Your answer should be the lines from the start of the records through the line with "for S where", copied word for word.

++++++++++

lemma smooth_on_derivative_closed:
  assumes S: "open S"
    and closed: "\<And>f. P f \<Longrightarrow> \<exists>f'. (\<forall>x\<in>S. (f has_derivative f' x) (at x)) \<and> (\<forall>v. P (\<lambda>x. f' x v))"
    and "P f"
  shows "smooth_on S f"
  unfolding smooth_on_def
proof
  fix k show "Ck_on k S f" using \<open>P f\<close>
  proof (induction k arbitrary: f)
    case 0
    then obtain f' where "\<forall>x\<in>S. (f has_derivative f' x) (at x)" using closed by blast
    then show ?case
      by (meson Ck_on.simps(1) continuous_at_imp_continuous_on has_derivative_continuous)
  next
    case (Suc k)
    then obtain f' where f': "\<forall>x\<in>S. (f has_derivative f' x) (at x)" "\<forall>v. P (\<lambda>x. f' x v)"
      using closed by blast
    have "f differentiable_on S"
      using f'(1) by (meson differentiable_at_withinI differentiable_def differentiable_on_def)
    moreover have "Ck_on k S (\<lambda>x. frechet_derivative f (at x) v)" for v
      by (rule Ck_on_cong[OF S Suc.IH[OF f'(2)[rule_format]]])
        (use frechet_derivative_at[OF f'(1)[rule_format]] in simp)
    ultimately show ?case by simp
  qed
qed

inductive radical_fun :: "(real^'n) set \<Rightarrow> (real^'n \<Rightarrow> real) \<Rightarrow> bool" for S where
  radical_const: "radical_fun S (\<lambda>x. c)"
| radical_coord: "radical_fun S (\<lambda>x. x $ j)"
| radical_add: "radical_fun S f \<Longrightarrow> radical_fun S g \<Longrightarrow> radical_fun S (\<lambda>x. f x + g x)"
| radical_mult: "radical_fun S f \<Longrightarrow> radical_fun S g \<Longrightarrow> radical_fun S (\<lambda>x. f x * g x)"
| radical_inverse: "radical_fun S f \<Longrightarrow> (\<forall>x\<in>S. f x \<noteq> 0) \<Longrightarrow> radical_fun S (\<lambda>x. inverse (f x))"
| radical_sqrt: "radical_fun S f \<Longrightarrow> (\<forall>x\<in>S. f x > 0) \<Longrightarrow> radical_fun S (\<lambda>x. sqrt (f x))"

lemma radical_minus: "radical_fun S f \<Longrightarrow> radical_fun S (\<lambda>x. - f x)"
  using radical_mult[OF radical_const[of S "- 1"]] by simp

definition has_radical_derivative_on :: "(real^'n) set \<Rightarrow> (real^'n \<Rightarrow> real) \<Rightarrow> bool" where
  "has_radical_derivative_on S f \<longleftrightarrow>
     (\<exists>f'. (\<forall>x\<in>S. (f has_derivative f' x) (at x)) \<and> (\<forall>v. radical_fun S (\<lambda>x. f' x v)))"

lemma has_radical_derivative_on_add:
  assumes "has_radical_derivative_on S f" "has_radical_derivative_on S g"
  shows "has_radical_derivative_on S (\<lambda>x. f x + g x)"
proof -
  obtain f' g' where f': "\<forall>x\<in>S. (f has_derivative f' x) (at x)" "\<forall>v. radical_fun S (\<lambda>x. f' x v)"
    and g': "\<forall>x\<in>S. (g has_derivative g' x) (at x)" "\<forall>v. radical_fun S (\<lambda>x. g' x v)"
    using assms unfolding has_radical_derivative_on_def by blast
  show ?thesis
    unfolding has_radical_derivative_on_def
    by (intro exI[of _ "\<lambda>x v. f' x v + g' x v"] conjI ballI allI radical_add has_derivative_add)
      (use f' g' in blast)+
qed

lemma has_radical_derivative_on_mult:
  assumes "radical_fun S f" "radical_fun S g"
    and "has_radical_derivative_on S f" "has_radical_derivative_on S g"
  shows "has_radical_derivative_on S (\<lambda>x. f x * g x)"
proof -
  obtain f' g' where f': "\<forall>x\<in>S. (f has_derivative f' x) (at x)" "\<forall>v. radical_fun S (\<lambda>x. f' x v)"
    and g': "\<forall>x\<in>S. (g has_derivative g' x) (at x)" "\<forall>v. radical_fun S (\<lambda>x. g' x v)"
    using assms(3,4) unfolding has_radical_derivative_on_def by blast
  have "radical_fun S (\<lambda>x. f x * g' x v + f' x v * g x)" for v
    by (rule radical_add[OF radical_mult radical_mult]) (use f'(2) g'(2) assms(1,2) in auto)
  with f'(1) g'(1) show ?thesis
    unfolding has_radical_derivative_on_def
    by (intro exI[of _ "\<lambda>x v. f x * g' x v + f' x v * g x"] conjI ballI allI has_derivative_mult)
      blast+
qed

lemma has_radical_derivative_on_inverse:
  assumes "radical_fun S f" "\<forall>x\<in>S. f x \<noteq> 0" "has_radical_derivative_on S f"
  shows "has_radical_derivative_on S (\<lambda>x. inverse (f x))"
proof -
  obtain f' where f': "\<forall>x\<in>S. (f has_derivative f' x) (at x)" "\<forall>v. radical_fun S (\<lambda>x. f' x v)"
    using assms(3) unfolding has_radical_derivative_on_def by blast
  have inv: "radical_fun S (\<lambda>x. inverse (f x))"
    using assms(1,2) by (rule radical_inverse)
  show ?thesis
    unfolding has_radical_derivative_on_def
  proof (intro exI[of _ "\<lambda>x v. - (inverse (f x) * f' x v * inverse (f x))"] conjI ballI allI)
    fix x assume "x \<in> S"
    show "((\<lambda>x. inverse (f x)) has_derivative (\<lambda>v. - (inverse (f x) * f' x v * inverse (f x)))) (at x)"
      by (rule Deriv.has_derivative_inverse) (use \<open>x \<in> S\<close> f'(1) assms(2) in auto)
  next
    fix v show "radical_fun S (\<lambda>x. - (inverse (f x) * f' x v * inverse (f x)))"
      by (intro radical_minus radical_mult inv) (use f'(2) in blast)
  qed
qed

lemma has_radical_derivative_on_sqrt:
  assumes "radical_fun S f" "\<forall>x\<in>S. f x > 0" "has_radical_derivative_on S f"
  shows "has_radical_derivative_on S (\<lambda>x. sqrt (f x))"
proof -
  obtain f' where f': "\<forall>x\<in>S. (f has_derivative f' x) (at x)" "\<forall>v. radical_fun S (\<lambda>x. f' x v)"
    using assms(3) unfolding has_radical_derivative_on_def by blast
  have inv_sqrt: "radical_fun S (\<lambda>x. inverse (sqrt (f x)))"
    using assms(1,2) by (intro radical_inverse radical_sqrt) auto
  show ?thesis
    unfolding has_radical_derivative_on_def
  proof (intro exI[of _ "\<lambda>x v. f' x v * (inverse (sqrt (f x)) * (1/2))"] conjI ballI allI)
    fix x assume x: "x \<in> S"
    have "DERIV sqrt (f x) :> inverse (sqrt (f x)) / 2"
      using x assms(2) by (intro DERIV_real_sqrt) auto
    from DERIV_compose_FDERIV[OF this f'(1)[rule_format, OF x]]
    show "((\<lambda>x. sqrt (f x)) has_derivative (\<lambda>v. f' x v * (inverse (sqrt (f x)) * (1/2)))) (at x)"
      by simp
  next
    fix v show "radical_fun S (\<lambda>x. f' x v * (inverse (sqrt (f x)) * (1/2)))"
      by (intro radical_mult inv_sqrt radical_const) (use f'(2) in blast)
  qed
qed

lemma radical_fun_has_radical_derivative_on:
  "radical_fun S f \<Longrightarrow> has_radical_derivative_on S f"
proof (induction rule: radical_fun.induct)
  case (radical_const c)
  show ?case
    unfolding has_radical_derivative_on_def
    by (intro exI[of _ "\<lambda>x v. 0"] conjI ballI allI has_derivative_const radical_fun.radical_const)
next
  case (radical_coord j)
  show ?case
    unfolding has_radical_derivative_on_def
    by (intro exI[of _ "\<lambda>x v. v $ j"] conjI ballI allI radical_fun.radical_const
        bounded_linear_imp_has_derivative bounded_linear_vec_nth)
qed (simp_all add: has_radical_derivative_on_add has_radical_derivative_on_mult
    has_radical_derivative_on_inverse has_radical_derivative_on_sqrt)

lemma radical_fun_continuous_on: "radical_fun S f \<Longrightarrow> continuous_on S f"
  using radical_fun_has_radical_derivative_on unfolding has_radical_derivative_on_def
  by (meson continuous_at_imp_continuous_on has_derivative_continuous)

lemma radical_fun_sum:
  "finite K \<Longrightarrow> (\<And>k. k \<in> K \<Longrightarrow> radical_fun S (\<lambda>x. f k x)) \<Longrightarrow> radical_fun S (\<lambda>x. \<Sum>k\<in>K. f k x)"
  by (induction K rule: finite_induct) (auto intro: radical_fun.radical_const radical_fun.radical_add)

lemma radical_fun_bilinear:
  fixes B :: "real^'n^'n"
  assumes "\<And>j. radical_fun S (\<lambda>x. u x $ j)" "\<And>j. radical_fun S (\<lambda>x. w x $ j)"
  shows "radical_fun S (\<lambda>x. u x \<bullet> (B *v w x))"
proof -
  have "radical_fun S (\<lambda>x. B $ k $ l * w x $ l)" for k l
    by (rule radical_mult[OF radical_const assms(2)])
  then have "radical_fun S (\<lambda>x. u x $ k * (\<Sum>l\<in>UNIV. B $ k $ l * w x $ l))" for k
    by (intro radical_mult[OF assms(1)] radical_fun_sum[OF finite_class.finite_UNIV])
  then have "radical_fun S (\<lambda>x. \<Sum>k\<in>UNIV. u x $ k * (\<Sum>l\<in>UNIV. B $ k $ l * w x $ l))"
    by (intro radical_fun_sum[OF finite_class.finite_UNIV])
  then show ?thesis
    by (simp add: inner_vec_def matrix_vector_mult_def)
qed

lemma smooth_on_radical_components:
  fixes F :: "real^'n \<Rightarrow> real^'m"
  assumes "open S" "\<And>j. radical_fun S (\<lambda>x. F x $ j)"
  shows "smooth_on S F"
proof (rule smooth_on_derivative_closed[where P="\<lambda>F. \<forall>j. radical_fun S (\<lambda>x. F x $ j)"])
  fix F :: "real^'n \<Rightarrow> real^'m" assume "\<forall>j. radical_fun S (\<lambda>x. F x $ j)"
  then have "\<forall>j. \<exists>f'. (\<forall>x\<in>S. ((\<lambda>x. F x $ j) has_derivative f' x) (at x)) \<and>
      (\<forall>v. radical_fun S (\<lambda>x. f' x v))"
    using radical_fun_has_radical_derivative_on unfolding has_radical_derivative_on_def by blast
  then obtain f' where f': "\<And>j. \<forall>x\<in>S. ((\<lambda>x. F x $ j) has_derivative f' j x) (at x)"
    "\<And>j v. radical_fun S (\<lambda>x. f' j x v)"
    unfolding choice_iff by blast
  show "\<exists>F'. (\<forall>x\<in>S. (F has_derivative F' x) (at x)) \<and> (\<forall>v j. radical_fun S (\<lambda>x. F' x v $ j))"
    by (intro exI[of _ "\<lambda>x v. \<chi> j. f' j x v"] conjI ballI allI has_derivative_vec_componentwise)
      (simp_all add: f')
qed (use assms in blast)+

++++++++++

EXERCISE RESULT ::
lemma smooth_on_derivative_closed:
  assumes S: "open S"
    and closed: "\<And>f. P f \<Longrightarrow> \<exists>f'. (\<forall>x\<in>S. (f has_derivative f' x) (at x)) \<and> (\<forall>v. P (\<lambda>x. f' x v))"
    and "P f"
  shows "smooth_on S f"
  unfolding smooth_on_def
proof
  fix k show "Ck_on k S f" using \<open>P f\<close>
  proof (induction k arbitrary: f)
    case 0
    then obtain f' where "\<forall>x\<in>S. (f has_derivative f' x) (at x)" using closed by blast
    then show ?case
      by (meson Ck_on.simps(1) continuous_at_imp_continuous_on has_derivative_continuous)
  next
    case (Suc k)
    then obtain f' where f': "\<forall>x\<in>S. (f has_derivative f' x) (at x)" "\<forall>v. P (\<lambda>x. f' x v)"
      using closed by blast
    have "f differentiable_on S"
      using f'(1) by (meson differentiable_at_withinI differentiable_def differentiable_on_def)
    moreover have "Ck_on k S (\<lambda>x. frechet_derivative f (at x) v)" for v
      by (rule Ck_on_cong[OF S Suc.IH[OF f'(2)[rule_format]]])
        (use frechet_derivative_at[OF f'(1)[rule_format]] in simp)
    ultimately show ?case by simp
  qed
qed

inductive radical_fun :: "(real^'n) set \<Rightarrow> (real^'n \<Rightarrow> real) \<Rightarrow> bool" for S where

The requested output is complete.